Stored items from a collection
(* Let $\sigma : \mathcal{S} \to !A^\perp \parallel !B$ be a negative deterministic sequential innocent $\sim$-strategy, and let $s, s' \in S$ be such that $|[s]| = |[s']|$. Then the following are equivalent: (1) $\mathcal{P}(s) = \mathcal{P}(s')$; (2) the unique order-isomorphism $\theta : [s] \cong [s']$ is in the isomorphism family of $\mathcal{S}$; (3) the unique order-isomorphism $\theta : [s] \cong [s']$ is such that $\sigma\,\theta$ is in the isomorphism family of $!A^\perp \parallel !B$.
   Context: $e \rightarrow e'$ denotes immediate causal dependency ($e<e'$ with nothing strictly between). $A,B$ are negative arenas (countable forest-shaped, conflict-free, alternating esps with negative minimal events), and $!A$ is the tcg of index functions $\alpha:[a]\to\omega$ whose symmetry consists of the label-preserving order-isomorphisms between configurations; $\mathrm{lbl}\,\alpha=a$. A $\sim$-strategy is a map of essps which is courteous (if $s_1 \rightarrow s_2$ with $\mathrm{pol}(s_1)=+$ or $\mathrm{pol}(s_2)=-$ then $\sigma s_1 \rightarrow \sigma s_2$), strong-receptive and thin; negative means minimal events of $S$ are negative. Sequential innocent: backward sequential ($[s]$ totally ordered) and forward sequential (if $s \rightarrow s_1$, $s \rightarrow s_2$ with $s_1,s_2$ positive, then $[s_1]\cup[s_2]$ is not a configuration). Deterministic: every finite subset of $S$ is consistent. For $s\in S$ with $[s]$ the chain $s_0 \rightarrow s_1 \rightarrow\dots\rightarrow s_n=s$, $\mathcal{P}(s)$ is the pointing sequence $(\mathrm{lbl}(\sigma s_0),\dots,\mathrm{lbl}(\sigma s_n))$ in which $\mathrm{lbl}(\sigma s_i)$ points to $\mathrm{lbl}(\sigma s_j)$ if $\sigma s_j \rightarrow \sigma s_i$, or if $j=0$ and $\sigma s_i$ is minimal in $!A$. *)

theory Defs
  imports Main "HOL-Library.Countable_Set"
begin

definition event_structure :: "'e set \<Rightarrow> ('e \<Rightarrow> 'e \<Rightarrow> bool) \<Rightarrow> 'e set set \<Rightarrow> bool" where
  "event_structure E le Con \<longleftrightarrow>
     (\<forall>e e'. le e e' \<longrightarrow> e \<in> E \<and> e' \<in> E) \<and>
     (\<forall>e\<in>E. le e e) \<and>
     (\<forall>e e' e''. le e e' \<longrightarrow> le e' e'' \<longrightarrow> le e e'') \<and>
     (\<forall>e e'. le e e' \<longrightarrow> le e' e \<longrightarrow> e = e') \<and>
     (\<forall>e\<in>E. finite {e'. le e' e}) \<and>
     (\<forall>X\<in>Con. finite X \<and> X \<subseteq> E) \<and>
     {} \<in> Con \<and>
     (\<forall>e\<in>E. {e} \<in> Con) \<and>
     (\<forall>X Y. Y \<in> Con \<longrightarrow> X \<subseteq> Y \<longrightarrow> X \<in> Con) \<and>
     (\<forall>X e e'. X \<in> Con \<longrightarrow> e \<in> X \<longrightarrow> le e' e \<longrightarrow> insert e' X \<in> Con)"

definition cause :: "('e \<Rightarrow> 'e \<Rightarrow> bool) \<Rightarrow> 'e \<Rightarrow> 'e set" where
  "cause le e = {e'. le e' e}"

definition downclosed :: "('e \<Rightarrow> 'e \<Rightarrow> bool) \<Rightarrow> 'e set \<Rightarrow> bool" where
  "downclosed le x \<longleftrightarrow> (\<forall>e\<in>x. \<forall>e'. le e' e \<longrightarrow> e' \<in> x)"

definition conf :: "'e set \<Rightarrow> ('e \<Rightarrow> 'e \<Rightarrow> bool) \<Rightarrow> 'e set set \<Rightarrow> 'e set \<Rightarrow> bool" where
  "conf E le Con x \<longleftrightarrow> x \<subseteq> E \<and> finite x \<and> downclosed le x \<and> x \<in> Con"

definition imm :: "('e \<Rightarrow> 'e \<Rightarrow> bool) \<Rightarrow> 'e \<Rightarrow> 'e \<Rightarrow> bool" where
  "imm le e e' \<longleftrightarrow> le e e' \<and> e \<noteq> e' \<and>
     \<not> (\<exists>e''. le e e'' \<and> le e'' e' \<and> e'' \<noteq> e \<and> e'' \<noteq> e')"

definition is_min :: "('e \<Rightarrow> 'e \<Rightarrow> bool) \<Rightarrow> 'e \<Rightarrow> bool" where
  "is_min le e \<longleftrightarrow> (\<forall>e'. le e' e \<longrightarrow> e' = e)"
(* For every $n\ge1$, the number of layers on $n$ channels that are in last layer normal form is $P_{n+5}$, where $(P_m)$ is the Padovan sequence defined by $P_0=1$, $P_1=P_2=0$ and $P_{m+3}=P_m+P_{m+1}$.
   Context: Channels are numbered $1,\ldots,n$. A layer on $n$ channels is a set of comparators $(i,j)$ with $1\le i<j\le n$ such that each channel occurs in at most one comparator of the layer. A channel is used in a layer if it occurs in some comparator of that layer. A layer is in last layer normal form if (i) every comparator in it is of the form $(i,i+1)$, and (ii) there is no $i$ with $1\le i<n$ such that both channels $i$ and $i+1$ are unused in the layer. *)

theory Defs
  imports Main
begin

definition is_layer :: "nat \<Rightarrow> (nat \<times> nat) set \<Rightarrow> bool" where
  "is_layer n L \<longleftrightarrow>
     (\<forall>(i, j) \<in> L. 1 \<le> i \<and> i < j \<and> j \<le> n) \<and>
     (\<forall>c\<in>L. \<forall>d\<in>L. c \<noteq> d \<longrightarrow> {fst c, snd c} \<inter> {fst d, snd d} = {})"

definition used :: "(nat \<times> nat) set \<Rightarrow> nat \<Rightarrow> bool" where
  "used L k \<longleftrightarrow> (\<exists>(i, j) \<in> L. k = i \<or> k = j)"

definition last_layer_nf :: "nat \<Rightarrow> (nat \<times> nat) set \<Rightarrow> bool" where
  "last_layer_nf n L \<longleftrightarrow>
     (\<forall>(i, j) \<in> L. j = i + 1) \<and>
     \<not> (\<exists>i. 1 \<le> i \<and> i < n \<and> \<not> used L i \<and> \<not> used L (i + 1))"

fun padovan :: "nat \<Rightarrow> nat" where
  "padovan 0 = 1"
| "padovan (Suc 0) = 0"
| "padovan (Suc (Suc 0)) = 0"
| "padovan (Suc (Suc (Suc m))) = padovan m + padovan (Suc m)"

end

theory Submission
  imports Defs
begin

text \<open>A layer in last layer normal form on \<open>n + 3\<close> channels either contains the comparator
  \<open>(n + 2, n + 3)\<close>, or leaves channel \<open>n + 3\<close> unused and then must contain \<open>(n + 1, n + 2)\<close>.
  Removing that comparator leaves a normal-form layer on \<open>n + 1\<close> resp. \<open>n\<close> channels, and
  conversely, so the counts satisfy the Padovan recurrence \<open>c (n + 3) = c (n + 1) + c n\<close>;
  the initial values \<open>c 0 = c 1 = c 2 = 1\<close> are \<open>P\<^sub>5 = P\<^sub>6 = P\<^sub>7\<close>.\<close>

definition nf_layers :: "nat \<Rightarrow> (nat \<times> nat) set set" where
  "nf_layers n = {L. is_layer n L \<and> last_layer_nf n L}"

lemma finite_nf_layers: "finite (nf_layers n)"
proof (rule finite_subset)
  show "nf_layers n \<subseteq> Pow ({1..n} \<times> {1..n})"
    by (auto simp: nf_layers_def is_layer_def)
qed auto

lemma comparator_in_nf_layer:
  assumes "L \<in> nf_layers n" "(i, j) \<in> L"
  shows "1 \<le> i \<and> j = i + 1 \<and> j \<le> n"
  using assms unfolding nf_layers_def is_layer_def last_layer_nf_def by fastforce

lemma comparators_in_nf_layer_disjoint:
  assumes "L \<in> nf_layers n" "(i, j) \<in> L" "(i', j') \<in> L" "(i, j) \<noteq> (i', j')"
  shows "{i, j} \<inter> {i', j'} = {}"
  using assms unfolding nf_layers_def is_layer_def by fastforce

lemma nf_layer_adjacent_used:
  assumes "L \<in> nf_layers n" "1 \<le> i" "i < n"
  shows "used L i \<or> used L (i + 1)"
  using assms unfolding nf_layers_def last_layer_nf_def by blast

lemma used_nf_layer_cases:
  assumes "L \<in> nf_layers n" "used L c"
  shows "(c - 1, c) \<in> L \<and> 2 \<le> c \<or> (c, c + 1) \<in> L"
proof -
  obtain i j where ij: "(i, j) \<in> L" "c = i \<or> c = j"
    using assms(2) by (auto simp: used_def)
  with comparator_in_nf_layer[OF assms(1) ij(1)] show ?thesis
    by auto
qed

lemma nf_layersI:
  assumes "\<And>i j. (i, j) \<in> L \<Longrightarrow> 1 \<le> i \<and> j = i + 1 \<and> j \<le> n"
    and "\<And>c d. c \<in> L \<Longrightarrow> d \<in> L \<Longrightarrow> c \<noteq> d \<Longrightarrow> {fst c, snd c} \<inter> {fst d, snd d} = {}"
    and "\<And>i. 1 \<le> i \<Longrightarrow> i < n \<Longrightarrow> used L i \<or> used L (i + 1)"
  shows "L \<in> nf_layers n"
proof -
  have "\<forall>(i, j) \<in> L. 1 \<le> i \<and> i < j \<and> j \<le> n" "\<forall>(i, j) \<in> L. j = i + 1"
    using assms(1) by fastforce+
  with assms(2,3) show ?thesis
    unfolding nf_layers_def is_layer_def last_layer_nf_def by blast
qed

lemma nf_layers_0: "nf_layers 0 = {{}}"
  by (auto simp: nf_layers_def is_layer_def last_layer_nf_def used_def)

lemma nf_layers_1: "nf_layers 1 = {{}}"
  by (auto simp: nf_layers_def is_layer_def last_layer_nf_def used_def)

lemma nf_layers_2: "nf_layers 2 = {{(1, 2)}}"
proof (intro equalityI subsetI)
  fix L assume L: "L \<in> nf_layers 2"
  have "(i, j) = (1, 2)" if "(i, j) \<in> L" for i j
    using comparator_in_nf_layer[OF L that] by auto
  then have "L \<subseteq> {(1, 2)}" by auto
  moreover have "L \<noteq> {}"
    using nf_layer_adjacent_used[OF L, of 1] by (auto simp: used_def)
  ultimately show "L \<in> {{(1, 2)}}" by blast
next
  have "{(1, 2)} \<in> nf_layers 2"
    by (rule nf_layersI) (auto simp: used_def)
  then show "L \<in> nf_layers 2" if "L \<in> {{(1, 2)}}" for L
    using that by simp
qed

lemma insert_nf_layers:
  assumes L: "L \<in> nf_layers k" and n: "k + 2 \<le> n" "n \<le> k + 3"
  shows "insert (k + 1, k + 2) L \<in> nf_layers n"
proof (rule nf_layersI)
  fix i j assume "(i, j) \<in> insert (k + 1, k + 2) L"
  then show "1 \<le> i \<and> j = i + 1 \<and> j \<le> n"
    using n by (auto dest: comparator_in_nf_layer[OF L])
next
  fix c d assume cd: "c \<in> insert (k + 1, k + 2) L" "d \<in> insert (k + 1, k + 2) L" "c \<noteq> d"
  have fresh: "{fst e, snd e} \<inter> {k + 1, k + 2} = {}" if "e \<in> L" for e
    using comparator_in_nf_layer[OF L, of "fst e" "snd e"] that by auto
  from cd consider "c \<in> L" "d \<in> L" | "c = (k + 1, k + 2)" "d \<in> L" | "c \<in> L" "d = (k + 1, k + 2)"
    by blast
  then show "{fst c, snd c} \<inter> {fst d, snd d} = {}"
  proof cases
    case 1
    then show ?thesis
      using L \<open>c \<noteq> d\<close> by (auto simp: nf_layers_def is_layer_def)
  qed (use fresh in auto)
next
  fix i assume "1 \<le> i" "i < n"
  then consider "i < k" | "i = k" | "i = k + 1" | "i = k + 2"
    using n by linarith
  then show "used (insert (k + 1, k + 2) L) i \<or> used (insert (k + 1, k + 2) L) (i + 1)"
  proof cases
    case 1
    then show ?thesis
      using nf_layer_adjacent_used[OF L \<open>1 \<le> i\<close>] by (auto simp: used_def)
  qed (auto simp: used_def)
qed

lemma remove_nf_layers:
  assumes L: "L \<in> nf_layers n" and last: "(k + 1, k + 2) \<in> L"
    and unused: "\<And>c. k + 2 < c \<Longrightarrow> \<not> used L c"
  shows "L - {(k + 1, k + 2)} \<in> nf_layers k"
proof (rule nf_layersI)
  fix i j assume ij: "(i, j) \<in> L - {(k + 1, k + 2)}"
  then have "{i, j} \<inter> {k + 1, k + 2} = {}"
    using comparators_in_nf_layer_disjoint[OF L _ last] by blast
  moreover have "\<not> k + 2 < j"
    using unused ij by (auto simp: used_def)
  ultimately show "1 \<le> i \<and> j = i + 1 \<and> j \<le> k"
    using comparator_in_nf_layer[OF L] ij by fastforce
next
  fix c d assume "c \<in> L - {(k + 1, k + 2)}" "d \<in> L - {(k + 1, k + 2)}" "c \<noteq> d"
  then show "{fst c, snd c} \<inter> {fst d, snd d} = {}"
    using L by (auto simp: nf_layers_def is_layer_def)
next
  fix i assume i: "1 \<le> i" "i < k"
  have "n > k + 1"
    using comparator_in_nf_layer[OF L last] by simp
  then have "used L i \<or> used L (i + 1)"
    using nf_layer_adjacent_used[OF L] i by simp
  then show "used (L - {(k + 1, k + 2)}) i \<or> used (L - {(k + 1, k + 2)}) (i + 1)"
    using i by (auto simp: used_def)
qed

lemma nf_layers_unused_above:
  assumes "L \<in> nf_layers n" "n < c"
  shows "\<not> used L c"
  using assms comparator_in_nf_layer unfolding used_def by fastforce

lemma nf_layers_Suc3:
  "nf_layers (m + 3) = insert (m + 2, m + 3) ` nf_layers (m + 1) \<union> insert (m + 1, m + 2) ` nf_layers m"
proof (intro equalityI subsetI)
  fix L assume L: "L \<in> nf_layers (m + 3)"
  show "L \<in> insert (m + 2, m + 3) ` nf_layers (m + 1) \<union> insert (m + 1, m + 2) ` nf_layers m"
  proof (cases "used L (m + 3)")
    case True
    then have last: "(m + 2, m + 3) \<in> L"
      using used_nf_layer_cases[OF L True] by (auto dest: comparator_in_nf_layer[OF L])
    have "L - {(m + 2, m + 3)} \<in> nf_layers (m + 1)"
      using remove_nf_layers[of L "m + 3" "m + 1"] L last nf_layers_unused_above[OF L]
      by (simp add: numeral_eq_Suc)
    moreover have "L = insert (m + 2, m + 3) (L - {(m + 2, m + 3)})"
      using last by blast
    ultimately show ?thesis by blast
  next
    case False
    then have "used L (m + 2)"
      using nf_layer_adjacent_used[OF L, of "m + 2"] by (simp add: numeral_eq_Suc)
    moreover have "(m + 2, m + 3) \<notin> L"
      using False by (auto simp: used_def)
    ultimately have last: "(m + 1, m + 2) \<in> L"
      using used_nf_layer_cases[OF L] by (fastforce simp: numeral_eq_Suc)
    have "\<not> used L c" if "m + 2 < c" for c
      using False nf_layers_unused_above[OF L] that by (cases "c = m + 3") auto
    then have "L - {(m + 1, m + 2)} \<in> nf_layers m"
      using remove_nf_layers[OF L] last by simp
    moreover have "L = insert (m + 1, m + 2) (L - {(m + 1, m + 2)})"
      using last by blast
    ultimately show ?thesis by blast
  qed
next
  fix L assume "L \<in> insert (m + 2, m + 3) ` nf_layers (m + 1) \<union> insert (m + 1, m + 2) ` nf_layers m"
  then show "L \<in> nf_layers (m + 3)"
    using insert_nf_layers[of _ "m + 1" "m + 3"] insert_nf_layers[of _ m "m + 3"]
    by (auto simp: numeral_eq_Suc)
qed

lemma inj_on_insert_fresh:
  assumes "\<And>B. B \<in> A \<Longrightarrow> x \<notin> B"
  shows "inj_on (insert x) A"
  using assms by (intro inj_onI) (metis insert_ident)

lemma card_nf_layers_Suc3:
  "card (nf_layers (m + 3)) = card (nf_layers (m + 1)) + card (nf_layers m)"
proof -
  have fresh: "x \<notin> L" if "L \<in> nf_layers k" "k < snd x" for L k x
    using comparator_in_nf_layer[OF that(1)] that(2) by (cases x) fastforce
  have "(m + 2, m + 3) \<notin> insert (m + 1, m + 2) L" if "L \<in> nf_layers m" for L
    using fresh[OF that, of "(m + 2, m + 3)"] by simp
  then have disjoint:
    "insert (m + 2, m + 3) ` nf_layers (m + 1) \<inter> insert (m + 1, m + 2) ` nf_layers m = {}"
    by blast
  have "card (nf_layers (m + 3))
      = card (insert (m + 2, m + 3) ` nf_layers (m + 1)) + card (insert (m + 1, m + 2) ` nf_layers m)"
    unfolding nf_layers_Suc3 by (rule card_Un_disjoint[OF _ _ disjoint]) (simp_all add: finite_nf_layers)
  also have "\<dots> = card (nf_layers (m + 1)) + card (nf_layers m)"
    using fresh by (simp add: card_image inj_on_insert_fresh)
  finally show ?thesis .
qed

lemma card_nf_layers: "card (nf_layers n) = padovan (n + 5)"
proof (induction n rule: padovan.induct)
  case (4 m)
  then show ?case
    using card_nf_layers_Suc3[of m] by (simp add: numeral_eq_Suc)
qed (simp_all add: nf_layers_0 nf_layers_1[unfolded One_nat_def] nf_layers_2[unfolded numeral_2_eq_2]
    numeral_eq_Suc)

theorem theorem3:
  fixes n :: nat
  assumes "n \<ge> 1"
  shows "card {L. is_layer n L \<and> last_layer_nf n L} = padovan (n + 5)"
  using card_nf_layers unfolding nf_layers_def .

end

▶ **EXERCISE OBJECTIVE**: For this exercise, output exactly the lines above from the line with "bool) \<Rightarrow> 'e \<Rightarrow> 'e \<Rightarrow>" to the line with "(* For every", counting both, and leave out the rest.

▶ **OUTPUT FOR THIS EXERCISE**:
definition imm :: "('e \<Rightarrow> 'e \<Rightarrow> bool) \<Rightarrow> 'e \<Rightarrow> 'e \<Rightarrow> bool" where
  "imm le e e' \<longleftrightarrow> le e e' \<and> e \<noteq> e' \<and>
     \<not> (\<exists>e''. le e e'' \<and> le e'' e' \<and> e'' \<noteq> e \<and> e'' \<noteq> e')"

definition is_min :: "('e \<Rightarrow> 'e \<Rightarrow> bool) \<Rightarrow> 'e \<Rightarrow> bool" where
  "is_min le e \<longleftrightarrow> (\<forall>e'. le e' e \<longrightarrow> e' = e)"
(* For every $n\ge1$, the number of layers on $n$ channels that are in last layer normal form is $P_{n+5}$, where $(P_m)$ is the Padovan sequence defined by $P_0=1$, $P_1=P_2=0$ and $P_{m+3}=P_m+P_{m+1}$.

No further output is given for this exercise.